Once the line containing "A \<psi> \<phi> \<in>" is found in the entries below, reproduce it and every line after it, stopping at and including the line containing "A (restrict \<chi>"; reproduce nothing else, and keep each line exact.

─── Data for this exercise ───

lemma sum_consistent_eq_sum_extensions:
  assumes "\<phi> \<in> T \<rightarrow>\<^sub>E \<Sigma>" "A \<subseteq> V"
  shows "(\<Sum>\<psi>\<in>A \<rightarrow>\<^sub>E \<Sigma>. if \<forall>x\<in>A \<inter> T. \<psi> x = \<phi> x then F \<psi> else 0)
       = (\<Sum>\<chi>\<in>extensions (A \<union> T) T \<phi>. F (restrict \<chi> A))"
proof -
  have "(\<Sum>\<psi>\<in>A \<rightarrow>\<^sub>E \<Sigma>. if \<forall>x\<in>A \<inter> T. \<psi> x = \<phi> x then F \<psi> else 0)
      = (\<Sum>\<psi>\<in>{\<psi>\<in>A \<rightarrow>\<^sub>E \<Sigma>. \<forall>x\<in>A \<inter> T. \<psi> x = \<phi> x}. F \<psi>)"
    using assms(2) by (simp add: sum.inter_filter finite_assignments)
  also have "\<dots> = (\<Sum>\<chi>\<in>extensions (A \<union> T) T \<phi>. F (restrict \<chi> A))"
  proof (rule sum.reindex_bij_witness[where i="\<lambda>\<chi>. restrict \<chi> A" and j="\<lambda>\<psi>. merge A \<psi> \<phi>"])
    fix \<psi> assume "\<psi> \<in> {\<psi> \<in> A \<rightarrow>\<^sub>E \<Sigma>. \<forall>x\<in>A \<inter> T. \<psi> x = \<phi> x}"
    then show "restrict (merge A \<psi> \<phi>) A = \<psi>" "F (restrict (merge A \<psi> \<phi>) A) = F \<psi>"
      and "merge A \<psi> \<phi> \<in> extensions (A \<union> T) T \<phi>"
      using assms(1) by (auto simp: extensions_def restrict_merge_left merge_PiE restrict_merge_right)
  next
    fix \<chi> assume "\<chi> \<in> extensions (A \<union> T) T \<phi>"
    then show "merge A (restrict \<chi> A) \<phi> = \<chi>"
      and "restrict \<chi> A \<in> {\<psi> \<in> A \<rightarrow>\<^sub>E \<Sigma>. \<forall>x\<in>A \<inter> T. \<psi> x = \<phi> x}"
      by (auto simp: extensions_def merge_restrict PiE_iff)
  qed
  finally show ?thesis .
qed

───

* Task response *
      and "merge A \<psi> \<phi> \<in> extensions (A \<union> T) T \<phi>"
      using assms(1) by (auto simp: extensions_def restrict_merge_left merge_PiE restrict_merge_right)
  next
    fix \<chi> assume "\<chi> \<in> extensions (A \<union> T) T \<phi>"
    then show "merge A (restrict \<chi> A) \<phi> = \<chi>"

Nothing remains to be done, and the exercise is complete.